Using the entries that follow, write out the line containing "(\<Prod>i<K. 1 - real", the line containing "receives lies in", and every line between them, exactly and nothing else.

> _Entries supplied_
---+---

(* Consider a single-relay network with no direct source–destination link. Let $q$ be a prime power, $K\ge1$, $N_{\mathrm S}\ge K$, $N_{\mathrm R}\ge 1$. A source S draws $N_{\mathrm S}$ coefficient vectors i.i.d. uniformly from $\mathbb{F}_q^K$ and sends one packet per vector to a relay R, each packet erased independently with probability $\epsilon_{\mathrm{SR}}$ (independently of the coefficients); the destination D receives nothing from S. R, having received $m_1$ packets with coefficient matrix $\mathbf{C}_{\mathrm S\to\mathrm R}\in\mathbb{F}_q^{m_1\times K}$, draws $\mathbf{G}\in\mathbb{F}_q^{N_{\mathrm R}\times m_1}$ with i.i.d. uniform entries and transmits the $N_{\mathrm R}$ rows of $\mathbf{G}\mathbf{C}_{\mathrm S\to\mathrm R}$ to D, each erased independently with probability $\epsilon_{\mathrm{RD}}$. Decoding succeeds iff the received recoded coefficient vectors span a space of rank $K$. Then the probability of successful decoding equals $$P^{(1)}_{\mathrm R}=P(N_{\mathrm S},\epsilon_{\mathrm{SR}})\,P(N_{\mathrm R},\epsilon_{\mathrm{RD}}),\qquad\text{where } P(N,\epsilon)=\sum_{k=K}^{N}\binom{N}{k}(1-\epsilon)^k\epsilon^{N-k}\prod_{i=0}^{K-1}\left(1-q^{i-k}\right),$$ with $P(N,\epsilon):=0$ if $N<K$.
   Context: $P(N,\epsilon)$ is the probability that, of $N$ packets carrying i.i.d. uniform coefficient vectors in $\mathbb{F}_q^K$ each independently erased with probability $\epsilon$, the received ones have rank $K$. *)

theory Defs
  imports "HOL-Analysis.Analysis" "HOL-Probability.Probability"
begin

definition P_link :: "nat \<Rightarrow> nat \<Rightarrow> nat \<Rightarrow> real \<Rightarrow> real" where
  "P_link q K N eps =
     (\<Sum>k=K..N. real (N choose k) * (1 - eps) ^ k * eps ^ (N - k) *
        (\<Prod>i<K. 1 - real q powi (int i - int k)))"

definition lincomb :: "'a::field list \<Rightarrow> ('a ^ 'n) list \<Rightarrow> 'a ^ 'n" where
  "lincomb g cs = sum_list (map2 (\<lambda>a c. a *s c) g cs)"

definition relay_experiment ::
  "nat \<Rightarrow> nat \<Rightarrow> real \<Rightarrow> real \<Rightarrow> ('a::{finite,field} ^ 'n::finite) list pmf" where
  "relay_experiment NS NR eSR eRD = do {
     S \<leftarrow> replicate_pmf NS (pair_pmf (pmf_of_set (UNIV :: ('a ^ 'n) set)) (bernoulli_pmf eSR));
     let C = map fst (filter (\<lambda>(v, e). \<not> e) S);
     G \<leftarrow> replicate_pmf NR (pair_pmf (replicate_pmf (length C) (pmf_of_set (UNIV :: 'a set)))
                                       (bernoulli_pmf eRD));
     return_pmf (map (\<lambda>g. lincomb g C) (map fst (filter (\<lambda>(g, e). \<not> e) G)))
   }"

end

theory Submission
  imports Defs
begin

text \<open>
  Given the relay's received coefficient matrix \<open>C\<close>, the rows of \<open>G C\<close> are i.i.d. and distributed
  as the image of the uniform distribution under the linear map \<open>g \<mapsto> g C\<close>.  If the rows of \<open>C\<close>
  span \<open>\<bbbF>\<^sub>q\<^sup>K\<close>, this map is surjective, so by translation invariance the image is again uniform
  and the relay-destination link behaves exactly like a direct link; otherwise everything D
  receives lies in the proper subspace spanned by \<open>C\<close>.  Hence the success probability is the
  product of the two single-link probabilities.  On a single link the number of surviving
  packets is binomial, and \<open>k\<close> uniform vectors complete a subspace of codimension \<open>c\<close> to the
  whole space with probability \<open>\<Prod>j<c. 1 - q\<^sup>j / q\<^sup>k\<close>: conditioning on the first vector, it
  falls into the current span with probability \<open>q\<^sup>-\<^sup>c\<close>.
\<close>

lemma (in vector_space) card_span_independent:
  assumes "finite (UNIV :: 'a set)" and "finite B" and "independent B"
  shows "card (span B) = CARD('a) ^ card B"
  using assms(2,3)
proof (induction B rule: finite_induct)
  case empty
  then show ?case by simp
next
  case (insert b B)
  have b_notin: "b \<notin> span B" and indep: "independent B"
    using insert.prems insert.hyps by (simp_all add: independent_insert)
  let ?f = "\<lambda>(a, y). scale a b + y"
  have image: "span (insert b B) = ?f ` (UNIV \<times> span B)"
  proof safe
    fix x assume "x \<in> span (insert b B)"
    then obtain k where "x - scale k b \<in> span B" by (auto simp: span_breakdown_eq)
    then show "x \<in> ?f ` (UNIV \<times> span B)"
      by (intro image_eqI[of _ _ "(k, x - scale k b)"]) auto
  next
    fix a y assume "y \<in> span B"
    then show "scale a b + y \<in> span (insert b B)"
      by (meson insertI1 span_add span_base span_mono span_scale subset_insertI subsetD)
  qed
  have "inj_on ?f (UNIV \<times> span B)"
  proof (rule inj_onI, clarify)
    fix a y a' y'
    assume y: "y \<in> span B" "y' \<in> span B" and eq: "scale a b + y = scale a' b + y'"
    have "scale (a - a') b = y' - y"
      using eq by (simp add: scale_left_diff_distrib algebra_simps)
    then have "scale (a - a') b \<in> span B"
      using span_diff[OF y(2,1)] by simp
    then have "a = a'"
      using b_notin by (metis left_inverse right_minus_eq scale_one scale_scale span_scale)
    with eq show "a = a' \<and> y = y'" by simp
  qed
  then have "card (span (insert b B)) = CARD('a) * card (span B)"
    by (simp add: image card_image card_cartesian_product)
  with insert.IH[OF indep] insert.hyps show ?case by simp
qed

lemma (in finite_dimensional_vector_space) card_span:
  assumes "finite (UNIV :: 'a set)"
  shows "card (span S) = CARD('a) ^ dim S"
proof -
  obtain B where "B \<subseteq> span S" "independent B" "span S \<subseteq> span B" "card B = dim S"
    using basis_exists[of "span S"] by (auto simp: dim_span)
  moreover from this have "span B = span S"
    by (metis span_mono span_span subset_antisym)
  ultimately show ?thesis
    using card_span_independent[OF assms] finiteI_independent by metis
qed

lemma dim_eq_CARD_iff_span_UNIV:
  "vec.dim (S :: ('a::field ^ 'n::finite) set) = CARD('n) \<longleftrightarrow> vec.span S = UNIV"
  by (metis vec.dim_eq_full vec_dim_card vec.dim_UNIV vec.dimension_def)

lemma lincomb_Nil [simp]: "lincomb [] C = 0" "lincomb g [] = 0"
  unfolding lincomb_def by simp_all

lemma lincomb_Cons [simp]: "lincomb (a # g) (c # C) = a *s c + lincomb g C"
  unfolding lincomb_def by simp

lemma lincomb_in_span: "lincomb g C \<in> vec.span (set C)"
proof (induction C arbitrary: g)
  case (Cons c C)
  show ?case
  proof (cases g)
    case (Cons a g')
    have "lincomb g' C \<in> vec.span (set (c # C))"
      using Cons.IH vec.span_mono[of "set C" "set (c # C)"] by auto
    moreover have "a *s c \<in> vec.span (set (c # C))"
      by (simp add: vec.span_base vec.span_scale)
    ultimately show ?thesis
      by (simp add: Cons vec.span_add)
  qed (simp add: vec.span_zero)
qed (simp add: vec.span_zero)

---+---

> _Answer to this task_
        (\<Prod>i<K. 1 - real q powi (int i - int k)))"

definition lincomb :: "'a::field list \<Rightarrow> ('a ^ 'n) list \<Rightarrow> 'a ^ 'n" where
  "lincomb g cs = sum_list (map2 (\<lambda>a c. a *s c) g cs)"

definition relay_experiment ::
  "nat \<Rightarrow> nat \<Rightarrow> real \<Rightarrow> real \<Rightarrow> ('a::{finite,field} ^ 'n::finite) list pmf" where
  "relay_experiment NS NR eSR eRD = do {
     S \<leftarrow> replicate_pmf NS (pair_pmf (pmf_of_set (UNIV :: ('a ^ 'n) set)) (bernoulli_pmf eSR));
     let C = map fst (filter (\<lambda>(v, e). \<not> e) S);
     G \<leftarrow> replicate_pmf NR (pair_pmf (replicate_pmf (length C) (pmf_of_set (UNIV :: 'a set)))
                                       (bernoulli_pmf eRD));
     return_pmf (map (\<lambda>g. lincomb g C) (map fst (filter (\<lambda>(g, e). \<not> e) G)))
   }"

end

theory Submission
  imports Defs
begin

text \<open>
  Given the relay's received coefficient matrix \<open>C\<close>, the rows of \<open>G C\<close> are i.i.d. and distributed
  as the image of the uniform distribution under the linear map \<open>g \<mapsto> g C\<close>.  If the rows of \<open>C\<close>
  span \<open>\<bbbF>\<^sub>q\<^sup>K\<close>, this map is surjective, so by translation invariance the image is again uniform
  and the relay-destination link behaves exactly like a direct link; otherwise everything D
  receives lies in the proper subspace spanned by \<open>C\<close>.  Hence the success probability is the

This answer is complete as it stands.